Monday, April 12, 2010


I see two piles of ragdolls. There must be a dozen or more in each pile. Each doll is seven or eight inches tall and is made of two pieces of material stuffed with rags and sewn together on the sides. The arms and legs of each doll are short and thick and each doll is made of a differently patterned red and white material.

Except for the dolls, which rest on a table that emits a soft red glow, I am surrounded by a misty, swirling blackness. I can see myself from about mid-thigh up. I can feel my feet and legs, but I cannot see them.

I gravitate toward the pile of dolls on the left. These dolls are well-loved. Their fabric is worn and the stitching has unraveled in places. I pick up one of the dolls and hold it, and I am overcome with emotion because I know that it provided generations of children joy and comfort.

Someone I know very well, yet am unfamiliar with, gently takes the doll from my hands and leads me to the pile of dolls on the right. These dolls are brand new. They are decorated with fine lace and bright, red jewels.
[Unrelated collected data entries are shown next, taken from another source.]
lemma integrable_perm_avg_FDP:
  assumes "N \<subseteq> {..<m}" "\<forall>x\<in>{0..1}. 0 \<le> f x"
    "\<forall>x y. 0 \<le> x \<longrightarrow> x \<le> y \<longrightarrow> y \<le> 1 \<longrightarrow> f y \<le> f x" "continuous_on {0..1} f"
    "threshold_procedure m R" "R \<in> PiM {..<m} (\<lambda>_. unif01) \<rightarrow>\<^sub>M count_space UNIV"
  shows "integrable (PiM {..<m} (\<lambda>_. unif01)) (perm_avg_FDP m N f R)"
  unfolding perm_avg_FDP_def[abs_def]
  using integrable_weighted_FDP_permute[OF assms] by (intro integrable_divide_zero integrable_sum) auto

lemma FDR_eq_integral_perm_avg_FDP:
  assumes N: "N \<subseteq> {..<m}"
    and f_nonneg: "\<forall>x\<in>{0..1}. 0 \<le> f x"
    and f_mono: "\<forall>x y. 0 \<le> x \<longrightarrow> x \<le> y \<longrightarrow> y \<le> 1 \<longrightarrow> f y \<le> f x"
    and f_cont: "continuous_on {0..1} f"
    and f_density: "(\<integral>\<^sup>+ x. ennreal (f x) * indicator {0..1} x \<partial>lborel) = 1"
    and R: "threshold_procedure m R" "R \<in> PiM {..<m} (\<lambda>_. unif01) \<rightarrow>\<^sub>M count_space UNIV"
  shows "FDR m N f R = (\<integral>p. perm_avg_FDP m N f R p \<partial>PiM {..<m} (\<lambda>_. unif01))"
proof -
  let ?P = "PiM {..<m} (\<lambda>_. unif01)"
  let ?S = "{\<sigma>. \<sigma> permutes {..<m}}"
  let ?H = "\<lambda>p. likelihood_ratio m N f p * FDP m N R p"
  have H_meas: "?H \<in> borel_measurable ?P"
    using borel_measurable_likelihood_ratio[OF f_cont] borel_measurable_FDP[OF R(1) N R(2)] by simp
  have "FDR m N f R = integral\<^sup>L ?P ?H"
    unfolding FDR_def pvals_law_eq_density[OF f_nonneg f_cont f_density]
    using borel_measurable_likelihood_ratio[OF f_cont] borel_measurable_FDP[OF R(1) N R(2)]
      likelihood_ratio_bounds(1)[OF f_nonneg f_mono]
    by (subst integral_density) auto
  \<comment> \<open>the uniform product measure is invariant under relabelling the hypotheses\<close>
  also have "\<dots> = (\<Sum>\<sigma>\<in>?S. \<integral>p. ?H (p \<circ> \<sigma>) \<partial>?P) / fact m"
    using integral_PiM_permute[OF prob_space_unif01 _ H_meas] card_permutations[of "{..<m}" m]
    by simp
  also have "\<dots> = (\<integral>p. perm_avg_FDP m N f R p \<partial>?P)"
    unfolding perm_avg_FDP_def
    using integrable_weighted_FDP_permute[OF N f_nonneg f_mono f_cont R] by (simp add: integral_sum)
  finally show ?thesis .
qed

lemma perm_avg_FDP_mono:
  assumes N: "N \<subseteq> {..<m}"
    and f_nonneg: "\<forall>x\<in>{0..1}. 0 \<le> f x"
    and f_mono: "\<forall>x y. 0 \<le> x \<longrightarrow> x \<le> y \<longrightarrow> y \<le> 1 \<longrightarrow> f y \<le> f x"
    and R1: "threshold_procedure m R1" and R2: "threshold_procedure m R2" and "R1 p \<le> R2 p"
    and p_inj: "inj_on p {..<m}" and p_01: "\<forall>i\<in>{..<m}. p i \<in> {0..1}"
  shows "perm_avg_FDP m N f R1 p \<le> perm_avg_FDP m N f R2 p"
proof -
  have FDP_permute: "FDP m N R (p \<circ> \<sigma>) = card {i\<in>N. pval_rank m (p \<circ> \<sigma>) i < R p} / real (max (R p) 1)"
    if "threshold_procedure m R" "\<sigma> permutes {..<m}" for R \<sigma>
    using FDP_eq_pval_rank[OF that(1) N] threshold_procedure_permute[OF that] by simp
  have "R2 p \<le> m" using R2 unfolding threshold_procedure_def by blast
  have "(\<Sum>\<sigma> | \<sigma> permutes {..<m}. likelihood_ratio m N f (p \<circ> \<sigma>) * FDP m N R1 (p \<circ> \<sigma>))
      \<le> (\<Sum>\<sigma> | \<sigma> permutes {..<m}. likelihood_ratio m N f (p \<circ> \<sigma>) * FDP m N R2 (p \<circ> \<sigma>))"
  proof -
    have "0 \<le> density01 f (p i)" for i
      using density01_nonneg[OF f_nonneg] .
    moreover have "density01 f (p j) \<le> density01 f (p i)" if "i < m" "j < m" "p i \<le> p j" for i j
      using that p_01 f_mono by (auto simp: density01_def)
    ultimately show ?thesis
      using sum_permutes_pval_null_fraction_mono[OF N p_inj, of "density01 f" "R1 p" "R2 p"]
        \<open>R1 p \<le> R2 p\<close> \<open>R2 p \<le> m\<close>
      by (simp add: FDP_permute[OF R1] FDP_permute[OF R2] likelihood_ratio_def)
  qed
  then show ?thesis
    unfolding perm_avg_FDP_def by (simp add: divide_right_mono)
qed

theorem theorem2:
  fixes m :: nat and N :: "nat set" and f :: "real \<Rightarrow> real"
    and R1 R2 :: "(nat \<Rightarrow> real) \<Rightarrow> nat"
  assumes N: "N \<subseteq> {..<m}"
    and f_nonneg: "\<forall>x\<in>{0..1}. 0 \<le> f x"
    and f_density: "(\<integral>\<^sup>+ x. ennreal (f x) * indicator {0..1} x \<partial>lborel) = 1"
    and f_mono: "\<forall>x y. 0 \<le> x \<longrightarrow> x \<le> y \<longrightarrow> y \<le> 1 \<longrightarrow> f y \<le> f x"
    and f_diff: "f differentiable_on {0..1}"
    and B1: "threshold_procedure m R1"
    and B2: "threshold_procedure m R2"
    and R1_meas: "R1 \<in> pvals_law m N f \<rightarrow>\<^sub>M count_space UNIV"
    and R2_meas: "R2 \<in> pvals_law m N f \<rightarrow>\<^sub>M count_space UNIV"
    and R_le: "\<forall>p. R1 p \<le> R2 p"
  shows "FDR m N f R1 \<le> FDR m N f R2"
proof -
  let ?P = "PiM {..<m} (\<lambda>_. unif01)"
  \<comment> \<open>differentiability of \<open>f\<close> is only used to make it measurable\<close>
  have f_cont: "continuous_on {0..1} f"
    using f_diff by (rule differentiable_imp_continuous_on)
  have R1_meas': "R1 \<in> ?P \<rightarrow>\<^sub>M count_space UNIV" and R2_meas': "R2 \<in> ?P \<rightarrow>\<^sub>M count_space UNIV"
    using R1_meas R2_meas by (simp_all add: measurable_cong_sets[OF sets_pvals_law refl])
  note FDR_eq = FDR_eq_integral_perm_avg_FDP[OF N f_nonneg f_mono f_cont f_density]
  note integrable = integrable_perm_avg_FDP[OF N f_nonneg f_mono f_cont]
  have "AE p in ?P. perm_avg_FDP m N f R1 p \<le> perm_avg_FDP m N f R2 p"
    using AE_PiM_unif01_inj[of m] AE_PiM_unif01_in_01[OF finite_lessThan[of m]]
    by eventually_elim (rule perm_avg_FDP_mono[OF N f_nonneg f_mono B1 B2 R_le[rule_format]])
  have "FDR m N f R1 = (\<integral>p. perm_avg_FDP m N f R1 p \<partial>?P)"
    by (rule FDR_eq[OF B1 R1_meas'])
  also have "\<dots> \<le> (\<integral>p. perm_avg_FDP m N f R2 p \<partial>?P)"
    by (intro integral_mono_AE integrable[OF B1 R1_meas'] integrable[OF B2 R2_meas'] \<open>AE p in ?P. _\<close>)
  also have "\<dots> = FDR m N f R2"
    by (rule FDR_eq[OF B2 R2_meas', symmetric])
  finally show ?thesis .
qed

end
Like the other dolls, each of these dolls is slightly different from the others.

I get the impression that I belong to this pile of dolls, that these are the dolls I am supposed to bond with. But I love the familiarity of the well-worn dolls and head back to those. Now several people I know very well, yet do not know, gently guide me back to the new pile. This is where you belong, they say without speaking any words. This is where you are supposed to be. The new dolls are lovely. They are breathtakingly beautiful, but I look longingly back at the old dolls. I am incredibly, heartbreakingly sad.
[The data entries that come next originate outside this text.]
definition ballot_number :: "nat \<Rightarrow> nat \<Rightarrow> int" where
  "ballot_number d h =
    (if d = 0 then 1 else int ((3*d + h) choose d) - 2 * int ((3*d + h) choose (d - 1)))"

lemma ballot_number_0 [simp]: "ballot_number 0 h = 1"
  by (simp add: ballot_number_def)

lemma ballot_number_Suc_Suc:
  "ballot_number (Suc e) (Suc h) = ballot_number (Suc e) h + ballot_number e (h + 3)"
proof (cases e)
  case 0
  then show ?thesis by (simp add: ballot_number_def choose_one)
next
  case (Suc f)
  obtain m where m: "3 * Suc e + Suc h = Suc m" "3 * Suc e + h = m" "3 * e + (h + 3) = m"
    by simp
  have "ballot_number (Suc e) (Suc h) = int (Suc m choose Suc e) - 2 * int (Suc m choose e)"
    "ballot_number (Suc e) h = int (m choose Suc e) - 2 * int (m choose e)"
    "ballot_number e (h + 3) = int (m choose e) - 2 * int (m choose f)"
    unfolding ballot_number_def m using Suc by simp_all
  then show ?thesis
    using Suc by (simp del: binomial_Suc_Suc add: binomial_Suc_Suc[of m])
qed

lemma ballot_number_Suc_0: "ballot_number (Suc e) 0 = ballot_number e 2"
proof -
  obtain n where n: "3 * Suc e + 0 = Suc n" "3 * e + 2 = n" by simp
  have "n choose Suc e = 2 * (n choose e)"
    unfolding n(2)[symmetric] by (rule three_times_plus_two_choose_Suc)
  then have top: "Suc n choose Suc e = 3 * (n choose e)" by simp
  show ?thesis
  proof (cases e)
    case 0
    then show ?thesis using n by (simp add: ballot_number_def)
  next
    case (Suc f)
    have "ballot_number (Suc e) 0 = int (Suc n choose Suc e) - 2 * int (Suc n choose e)"
      "ballot_number e 2 = int (n choose e) - 2 * int (n choose f)"
      unfolding ballot_number_def n using Suc by simp_all
    then show ?thesis
      using Suc top by (simp del: binomial_Suc_Suc add: binomial_Suc_Suc[of n])
  qed
qed

lemma ballot_number_rec:
  assumes "3*d + h \<ge> 1"
  shows "ballot_number d h = (if h \<ge> 1 then ballot_number d (h - 1) else 0)
    + (if d \<ge> 1 then ballot_number (d - 1) (h + 2) else 0)"
proof (cases d)
  case 0
  with assms show ?thesis by simp
next
  case (Suc e)
  then show ?thesis
    by (cases h) (simp_all add: ballot_number_Suc_0 ballot_number_Suc_Suc numeral_2_eq_2 numeral_3_eq_3)
qed

definition ballot_area :: "nat \<Rightarrow> nat \<Rightarrow> int" where
  "ballot_area d h = 3 * int (h + 1) * binom_sum2 (3*d + h) d
    + int ((h + 1) choose 2) * int ((3*d + h + 1) choose d)"

lemma Suc_choose_two: "int (Suc h choose 2) = int (h choose 2) + int h"
  using binomial_Suc_Suc[of h 1] by (simp add: numeral_2_eq_2)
Then, as I turn back to the new pile I see Colby in the distance. He standing with his arms crossed on his chest and is leaning on something, a post maybe, to his left. I can't see what it is for it is shrouded in the black mist. Colby is dressed as I have seen him in other dreams: light blue jeans, white athletic shoes, light blue striped polo shirt. Colby gives me an encouraging nod and a smile before he fades into the swirling mist.

Reluctantly, I turn to the new pile of dolls, pick up a particularly beautiful bejeweled one, and begin to cry. The familiar people I do not know surround me. Everything, they say, will be okay. Is okay. Someday maybe I can believe them.